═══ SUPPLIED DATA ═══

(* Let $n\ge 2$, let $M=(\mathbf{R}^3)^n\setminus\{(p_0,\ldots,p_0)\mid p_0\in\mathbf{R}^3\}$, and let $X$ be a vector field on $M$ (with $T_pM$ identified with $(\mathbf{R}^3)^n$) whose components $X_1,\ldots,X_n\colon M\to\mathbf{R}^3$ are homogeneous quadratic polynomials in the coordinates of $p=(p_1,\ldots,p_n)$, and which is translation invariant, i.e. $X_{p+(p_0,\ldots,p_0)}=X_p$ for all $p_0\in\mathbf{R}^3$. Define $\Psi(v)=v/\sqrt{\|v\|}$ for $v\neq 0$ and $\Psi(0)=0$. Then $Y=\Psi(X)$ descends to a vector field on the quotient $N=M/\sim$: for all $p,p'\in M$ with $p\sim p'$ one has $D(\pi)_p(\Psi(X_p))=D(\pi)_{p'}(\Psi(X_{p'}))$, so that $Y_q=D(\pi)(\Psi(X_p))$ with $\pi(p)=q$ is a well-defined vector field on $N$.
   Context: The equivalence relation $\sim$ on $M$ is generated by $p\sim\lambda p$ for $\lambda>0$ and $p\sim p+(p_0,\ldots,p_0)$ for $p_0\in\mathbf{R}^3$. The maps are $\tau\colon(\mathbf{R}^3)^n\to(\mathbf{R}^3)^n$, $\tau(p_1,\ldots,p_n)=(p_1-p_n,\ldots,p_{n-1}-p_n,0)$, $\sigma(p)=p/\|p\|$ on $(\mathbf{R}^3)^n\setminus\{0\}$, and $\pi=\sigma\circ\tau\colon M\to S^{3(n-1)-1}$, where $S^{3(n-1)-1}=\{p\in(\mathbf{R}^3)^n: p_n=0,\ \|p\|=1\}$; $N$ is identified with this sphere via $\pi$, with the round metric. $D(\pi)$ denotes the differential of $\pi$. *)

theory Defs
  imports "HOL-Analysis.Analysis"
begin

text \<open>Configurations of n points in R^3 are elements of real^3^'n, where the finite
  linearly ordered index type 'n plays the role of {1..n}; its greatest element is
  the last index n.\<close>

type_synonym ('n) config = "real^3^'n"

definition last_idx :: "'n::{finite,linorder}" where
  "last_idx = Max (UNIV :: 'n set)"

definition diag :: "real^3 \<Rightarrow> real^3^'n::{finite,linorder}" where
  "diag p0 = (\<chi> i. p0)"

definition Mset :: "(real^3^'n::{finite,linorder}) set" where
  "Mset = UNIV - range diag"

definition sim_gen :: "real^3^('n::{finite,linorder}) \<Rightarrow> real^3^('n::{finite,linorder}) \<Rightarrow> bool" where
  "sim_gen p q \<longleftrightarrow> p \<in> Mset \<and> q \<in> Mset \<and>
     ((\<exists>c>0. q = c *\<^sub>R p) \<or> (\<exists>p0. q = p + diag p0))"

definition sim :: "real^3^('n::{finite,linorder}) \<Rightarrow> real^3^('n::{finite,linorder}) \<Rightarrow> bool" where
  "sim = equivclp sim_gen"

definition tau :: "real^3^'n::{finite,linorder} \<Rightarrow> real^3^'n::{finite,linorder}" where
  "tau p = (\<chi> i. p $ i - p $ last_idx)"

definition sigma :: "real^3^'n::{finite,linorder} \<Rightarrow> real^3^'n::{finite,linorder}" where
  "sigma p = p /\<^sub>R norm p"

definition proj :: "real^3^'n::{finite,linorder} \<Rightarrow> real^3^'n::{finite,linorder}" where
  "proj = sigma \<circ> tau"

definition Psi :: "real^3^'n::{finite,linorder} \<Rightarrow> real^3^'n::{finite,linorder}" where
  "Psi v = (if v = 0 then 0 else v /\<^sub>R sqrt (norm v))"

definition homog_quadratic_field :: "(real^3^('n::{finite,linorder}) \<Rightarrow> real^3^('n::{finite,linorder})) \<Rightarrow> bool" where
  "homog_quadratic_field X \<longleftrightarrow>
     (\<exists>C :: 'n \<Rightarrow> 3 \<Rightarrow> 'n \<Rightarrow> 3 \<Rightarrow> 'n \<Rightarrow> 3 \<Rightarrow> real.
        \<forall>p\<in>Mset. X p = (\<chi> i a. \<Sum>j\<in>UNIV. \<Sum>b\<in>UNIV. \<Sum>k\<in>UNIV. \<Sum>c\<in>UNIV.
                                   C i a j b k c * (p $ j $ b) * (p $ k $ c)))"

end

theory Submission
  imports Defs
begin

text \<open>Both generators of \<open>\<sim>\<close> are diffeomorphisms \<open>g\<close> of \<open>M\<close> with \<open>proj \<circ> g = proj\<close>,
  so the chain rule gives \<open>D(\<pi>)\<^sub>p = D(\<pi>)\<^sub>g\<^sub>p \<circ> Dg\<close>. A translation has derivative the
  identity and leaves \<open>X\<close> unchanged; a scaling by \<open>c > 0\<close> has derivative \<open>c\<close>, multiplies the
  quadratic field \<open>X\<close> by \<open>c\<^sup>2\<close>, hence \<open>\<Psi>(X)\<close> by \<open>c\<close>.\<close>

lemma equivclp_invariant:
  assumes "\<And>x y. r x y \<Longrightarrow> f x = f y" and "equivclp r x y"
  shows "f x = f y"
  using assms(2) unfolding equivclp_def
  by (induct rule: rtranclp_induct) (auto simp: symclp_def dest: assms(1))

lemma frechet_derivative_invariant:
  assumes "(g has_derivative g') (at x)" and "f differentiable (at (g x))" and "f \<circ> g = f"
  shows "frechet_derivative f (at x) = frechet_derivative f (at (g x)) \<circ> g'"
proof -
  have "g differentiable (at x)"
    using assms(1) by (auto simp: differentiable_def)
  from frechet_derivative_compose[OF this assms(2)] show ?thesis
    unfolding assms(3) frechet_derivative_at[OF assms(1), symmetric] .
qed

lemma tau_add_diag [simp]: "tau (x + diag p0) = tau x"
  unfolding tau_def diag_def by (simp add: vec_eq_iff)

lemma tau_scaleR [simp]: "tau (c *\<^sub>R x) = c *\<^sub>R tau x"
  unfolding tau_def by (simp add: vec_eq_iff algebra_simps)

lemma bounded_linear_tau: "bounded_linear tau"
proof -
  have "linear tau"
    by (rule linearI) (simp_all add: tau_def vec_eq_iff algebra_simps)
  then show ?thesis by (simp add: linear_conv_bounded_linear)
qed

lemma Mset_iff_tau_nonzero: "p \<in> Mset \<longleftrightarrow> tau p \<noteq> 0"
proof
  assume "tau p \<noteq> 0"
  then show "p \<in> Mset" unfolding Mset_def tau_def diag_def by (auto simp: vec_eq_iff)
next
  assume "p \<in> Mset"
  moreover have "tau p = 0 \<Longrightarrow> p = diag (p $ last_idx)"
    unfolding tau_def diag_def by (simp add: vec_eq_iff)
  ultimately show "tau p \<noteq> 0" unfolding Mset_def by auto
qed

lemma proj_scaleR: "c > 0 \<Longrightarrow> proj (c *\<^sub>R x) = proj x"
  unfolding proj_def sigma_def by simp

lemma proj_add_diag: "proj (x + diag p0) = proj x"
  unfolding proj_def by simp

lemma proj_differentiable:
  fixes p :: "real^3^'n::{finite,linorder}"
  assumes "p \<in> Mset"
  shows "proj differentiable (at p)"
proof -
  have sigma_eq: "sigma = (\<lambda>x::real^3^'n::{finite,linorder}. inverse (norm x) *\<^sub>R x)"
    by (simp add: sigma_def fun_eq_iff)
  have "sigma differentiable (at (tau p))"
    unfolding sigma_eq using assms
    by (auto simp: Mset_iff_tau_nonzero intro!: derivative_intros)
  moreover have "tau differentiable (at p)"
    using bounded_linear_tau bounded_linear_imp_differentiable by blast
  ultimately show ?thesis
    unfolding proj_def by (rule differentiable_chain_at[rotated])
qed

lemma frechet_derivative_proj_scaleR:
  assumes "p \<in> Mset" and "c > 0"
  shows "frechet_derivative proj (at p) w = frechet_derivative proj (at (c *\<^sub>R p)) (c *\<^sub>R w)"
proof -
  have "c *\<^sub>R p \<in> Mset"
    using assms by (simp add: Mset_iff_tau_nonzero)
  moreover have "((\<lambda>x. c *\<^sub>R x) has_derivative (\<lambda>x. c *\<^sub>R x)) (at p)"
    by (intro derivative_intros)
  ultimately show ?thesis
    using frechet_derivative_invariant[of "\<lambda>x. c *\<^sub>R x" "\<lambda>x. c *\<^sub>R x" p proj] assms(2)
    by (simp add: proj_differentiable proj_scaleR comp_def)
qed

lemma frechet_derivative_proj_add_diag:
  assumes "p \<in> Mset"
  shows "frechet_derivative proj (at p) w = frechet_derivative proj (at (p + diag p0)) w"
proof -
  have "p + diag p0 \<in> Mset"
    using assms by (simp add: Mset_iff_tau_nonzero)
  moreover have "((\<lambda>x. x + diag p0) has_derivative id) (at p)"
    by (auto simp: id_def intro!: derivative_eq_intros)
  ultimately show ?thesis
    using frechet_derivative_invariant[of "\<lambda>x. x + diag p0" id p proj]
    by (simp add: proj_differentiable proj_add_diag comp_def)
qed

lemma homog_quadratic_field_scaleR:
  assumes "homog_quadratic_field X" and "p \<in> Mset" and "c *\<^sub>R p \<in> Mset"
  shows "X (c *\<^sub>R p) = c\<^sup>2 *\<^sub>R X p"
proof -
  obtain C where C: "\<And>p. p \<in> Mset \<Longrightarrow> X p = (\<chi> i a. \<Sum>j\<in>UNIV. \<Sum>b\<in>UNIV. \<Sum>k\<in>UNIV. \<Sum>d\<in>UNIV.
                                   C i a j b k d * (p $ j $ b) * (p $ k $ d))"
    using assms(1) unfolding homog_quadratic_field_def by blast
  have scale_term: "\<And>K x y. K * (c * x) * (c * y) = c\<^sup>2 * (K * x * y)"
    by (simp add: power2_eq_square algebra_simps)
  show ?thesis
    unfolding C[OF assms(2)] C[OF assms(3)] vec_eq_iff
    by (simp add: scale_term sum_distrib_left)
qed

lemma Psi_scaleR_square: "c > 0 \<Longrightarrow> Psi (c\<^sup>2 *\<^sub>R v) = c *\<^sub>R Psi v"
  by (simp add: Psi_def real_sqrt_mult power2_eq_square)

lemma frechet_derivative_proj_Psi_sim_gen:
  assumes "homog_quadratic_field X"
    and "\<forall>p\<in>Mset. \<forall>p0. X (p + diag p0) = X p"
    and "sim_gen p q"
  shows "frechet_derivative proj (at p) (Psi (X p)) =
         frechet_derivative proj (at q) (Psi (X q))"
proof -
  have p: "p \<in> Mset" and q: "q \<in> Mset"
    using assms(3) unfolding sim_gen_def by auto
  from assms(3) consider (scale) c where "c > 0" "q = c *\<^sub>R p" | (translate) p0 where "q = p + diag p0"
    unfolding sim_gen_def by blast
  then show ?thesis
  proof cases
    case scale
    then have "Psi (X q) = c *\<^sub>R Psi (X p)"
      using homog_quadratic_field_scaleR[OF assms(1) p] q by (simp add: Psi_scaleR_square)
    with scale p show ?thesis
      by (simp add: frechet_derivative_proj_scaleR)
  next
    case translate
    with assms(2) p show ?thesis
      by (simp add: frechet_derivative_proj_add_diag)
  qed
qed

theorem lemma2:
  fixes X :: "real^3^('n::{finite,linorder}) \<Rightarrow> real^3^('n::{finite,linorder})"
  assumes "CARD('n) \<ge> 2"
    and "homog_quadratic_field X"
    and "\<forall>p\<in>Mset. \<forall>p0. X (p + diag p0) = X p"
    and "p \<in> Mset" and "p' \<in> Mset" and "sim p p'"
  shows "frechet_derivative proj (at p) (Psi (X p)) =
         frechet_derivative proj (at p') (Psi (X p'))"
  using frechet_derivative_proj_Psi_sim_gen[OF assms(2,3)] assms(6)
  unfolding sim_def by (rule equivclp_invariant)

end
lemma rat_lin_indep_if_int_lin_indep:
  assumes int_indep: "\<And>e :: nat \<Rightarrow> int. (\<Sum>i<n. of_int (e i) * x i) = 0 \<Longrightarrow> \<forall>i<n. e i = 0"
  shows "rat_lin_indep n x"
  unfolding rat_lin_indep_def
proof (intro allI impI)
  fix c :: "nat \<Rightarrow> rat" and i
  assume c: "(\<Sum>i<n. of_rat (c i) * x i) = 0" and "i < n"
  define d where "d i = snd (quotient_of (c i))" for i
  define D where "D = (\<Prod>i<n. d i)"
  define e where "e i = fst (quotient_of (c i)) * (\<Prod>j\<in>{..<n} - {i}. d j)" for i
  have d_pos: "d i > 0" for i
    using quotient_of_denom_pos' by (simp add: d_def)
  have D_pos: "D > 0"
    unfolding D_def using d_pos by (simp add: prod_pos)
  have c_eq: "c i = of_int (fst (quotient_of (c i))) / of_int (d i)" for i
    using quotient_of_div[of "c i"] by (simp add: d_def)
  have e_eq: "of_int (e j) = of_int D * c j" if "j < n" for j
  proof -
    have "D = d j * (\<Prod>j'\<in>{..<n} - {j}. d j')"
      using that by (simp add: D_def prod.remove)
    then show ?thesis
      using d_pos[of j] by (subst c_eq) (simp add: e_def field_simps)
  qed
  have e_real: "(of_int (e j) :: real) = of_int D * of_rat (c j)" if "j < n" for j
    using arg_cong[OF e_eq[OF that], of of_rat] by (simp add: of_rat_mult)
  have "(\<Sum>i<n. of_int (e i) * x i) = of_int D * (\<Sum>i<n. of_rat (c i) * x i)"
    unfolding sum_distrib_left by (rule sum.cong) (simp_all add: e_real)
  then have "\<forall>i<n. e i = 0"
    using c by (intro int_indep) simp
  then show "c i = 0"
    using e_eq[OF \<open>i < n\<close>] D_pos \<open>i < n\<close> by simp
qed
(* Let $(y(n))_{n\ge1}$ be a sequence of positive reals and suppose it has Poissonian pair correlation in the sense that for every real-valued $g\in C_c^\infty(\mathbb{R})$, $$\lim_{N\to\infty}\frac1N\sum_{\substack{n_1,n_2\in[N]\\ n_1\neq n_2}}\sum_{k\in\mathbb{Z}} g\big(N(y(n_1)-y(n_2)+k)\big)=\int_{\mathbb{R}} g .$$ Let $f\in C_c^\infty(\mathbb{R})$ be real-valued and define $F(z_1,z_2):=\int_{\mathbb{R}} f(s)f(z_1+z_2+s)f(z_2+s)\,\mathrm{d}s$. Then $$\lim_{N\to\infty}\frac1N\sum^{*}_{\mathbf{n}\in[N]^3}\sum_{\mathbf{k}\in\mathbb{Z}^2}F\big(N(y(n_1)-y(n_2)+k_1),\,N(y(n_2)-y(n_3)+k_2)\big)=\Big(\int_{\mathbb{R}} f\Big)^3$$ holds if and only if $$\lim_{N\to\infty}\mathcal{M}^{(3)}(N)=\mathbf{E}(f)^3+3\,\mathbf{E}(f)\,\mathbf{E}(f^2)+\mathbf{E}(f^3).$$
   Context: $[N]=\{1,\dots,N\}$; $\sum^*$ denotes summation over triples $\mathbf{n}=(n_1,n_2,n_3)$ with pairwise distinct entries. For $h$ integrable on $\mathbb{R}$, $\mathbf{E}(h):=\int_{\mathbb{R}}h(x)\,\mathrm{d}x$; so $\mathbf{E}(f^j)=\int_{\mathbb{R}} f(x)^j\,\mathrm{d}x$. Define $S_N(s):=\sum_{n\in[N]}\sum_{k\in\mathbb{Z}} f(N(y(n)+k+s))$ and $\mathcal{M}^{(3)}(N):=\int_0^1 S_N(s)^3\,\mathrm{d}s$. *)

theory Defs
  imports "HOL-Analysis.Analysis"
begin

definition smooth_cc :: "(real \<Rightarrow> real) \<Rightarrow> bool" where
  "smooth_cc g \<longleftrightarrow>
     (\<forall>k::nat. \<forall>x::real. ((deriv ^^ k) g) differentiable (at x)) \<and>
     compact (closure {x. g x \<noteq> 0})"

definition Eint :: "(real \<Rightarrow> real) \<Rightarrow> real" where
  "Eint h = (LINT x|lborel. h x)"

definition pair_corr :: "(nat \<Rightarrow> real) \<Rightarrow> (real \<Rightarrow> real) \<Rightarrow> nat \<Rightarrow> real" where
  "pair_corr y g N = (1 / real N) *
     (\<Sum>n1\<in>{1..N}. \<Sum>n2\<in>{1..N} - {n1}.
        (\<Sum>\<^sub>\<infinity>k::int. g (real N * (y n1 - y n2 + real_of_int k))))"

definition triple_F :: "(real \<Rightarrow> real) \<Rightarrow> real \<Rightarrow> real \<Rightarrow> real" where
  "triple_F f z1 z2 = (LINT s|lborel. f s * f (z1 + z2 + s) * f (z2 + s))"

definition distinct_triples :: "nat \<Rightarrow> (nat \<times> nat \<times> nat) set" where
  "distinct_triples N = {(n1, n2, n3). n1 \<in> {1..N} \<and> n2 \<in> {1..N} \<and> n3 \<in> {1..N} \<and>
       n1 \<noteq> n2 \<and> n1 \<noteq> n3 \<and> n2 \<noteq> n3}"

definition triple_corr :: "(nat \<Rightarrow> real) \<Rightarrow> (real \<Rightarrow> real) \<Rightarrow> nat \<Rightarrow> real" where
  "triple_corr y f N = (1 / real N) *
     (\<Sum>(n1, n2, n3)\<in>distinct_triples N.
        infsum (\<lambda>(k1::int, k2::int).
           triple_F f (real N * (y n1 - y n2 + real_of_int k1))
                      (real N * (y n2 - y n3 + real_of_int k2))) UNIV)"

definition S_N :: "(nat \<Rightarrow> real) \<Rightarrow> (real \<Rightarrow> real) \<Rightarrow> nat \<Rightarrow> real \<Rightarrow> real" where
  "S_N y f N s = (\<Sum>n\<in>{1..N}. (\<Sum>\<^sub>\<infinity>k::int. f (real N * (y n + real_of_int k + s))))"

definition M3 :: "(nat \<Rightarrow> real) \<Rightarrow> (real \<Rightarrow> real) \<Rightarrow> nat \<Rightarrow> real" where
  "M3 y f N = (LINT s:{0..1}|lborel. (S_N y f N s) ^ 3)"

end

theory Submission
  imports Defs
begin

text \<open>Expanding the cube of S_N and integrating over one period turns M3(N) into 1/N times
  the sum, over all triples (n1, n2, n3) in [N]^3, of the lattice sums of F. If f vanishes outside
  [-R, R] and N > 2R, the triples with repeated entries collapse: n1 = n2 = n3 contributes E(f^3),
  and each of the three patterns with exactly two equal entries contributes the pair correlation
  of g(z) = F(z, 0) = \<integral> f(s)^2 f(z + s) ds. Since g is again smooth with compact support and
  \<integral> g = E(f) E(f^2), the pair correlation hypothesis shows that M3(N) and the triple correlation
  differ by a sequence tending to 3 E(f) E(f^2) + E(f^3).\<close>

lemma integrable_continuous_bounded_support:
  fixes h :: "real \<Rightarrow> real"
  assumes "continuous_on UNIV h" "\<And>x. C < \<bar>x\<bar> \<Longrightarrow> h x = 0"
  shows "integrable lborel h"
proof -
  have "integrable lborel (\<lambda>x. indicator {-C..C} x *\<^sub>R h x)"
    by (rule borel_integrable_compact) (auto intro: continuous_on_subset[OF assms(1)])
  moreover have "(\<lambda>x. indicator {-C..C} x *\<^sub>R h x) = h"
    using assms(2) by (force simp: indicator_def abs_le_iff)
  ultimately show ?thesis by simp
qed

═══

--- EXERCISE REQUIREMENTS ---
Within the material above, extract exactly the lines that start at the line containing "j) :: real)" and stop after the line containing "unfolding sum_distrib_left by", and only those.

--- ANSWER BOX ---
  have e_real: "(of_int (e j) :: real) = of_int D * of_rat (c j)" if "j < n" for j
    using arg_cong[OF e_eq[OF that], of of_rat] by (simp add: of_rat_mult)
  have "(\<Sum>i<n. of_int (e i) * x i) = of_int D * (\<Sum>i<n. of_rat (c i) * x i)"
    unfolding sum_distrib_left by (rule sum.cong) (simp_all add: e_real)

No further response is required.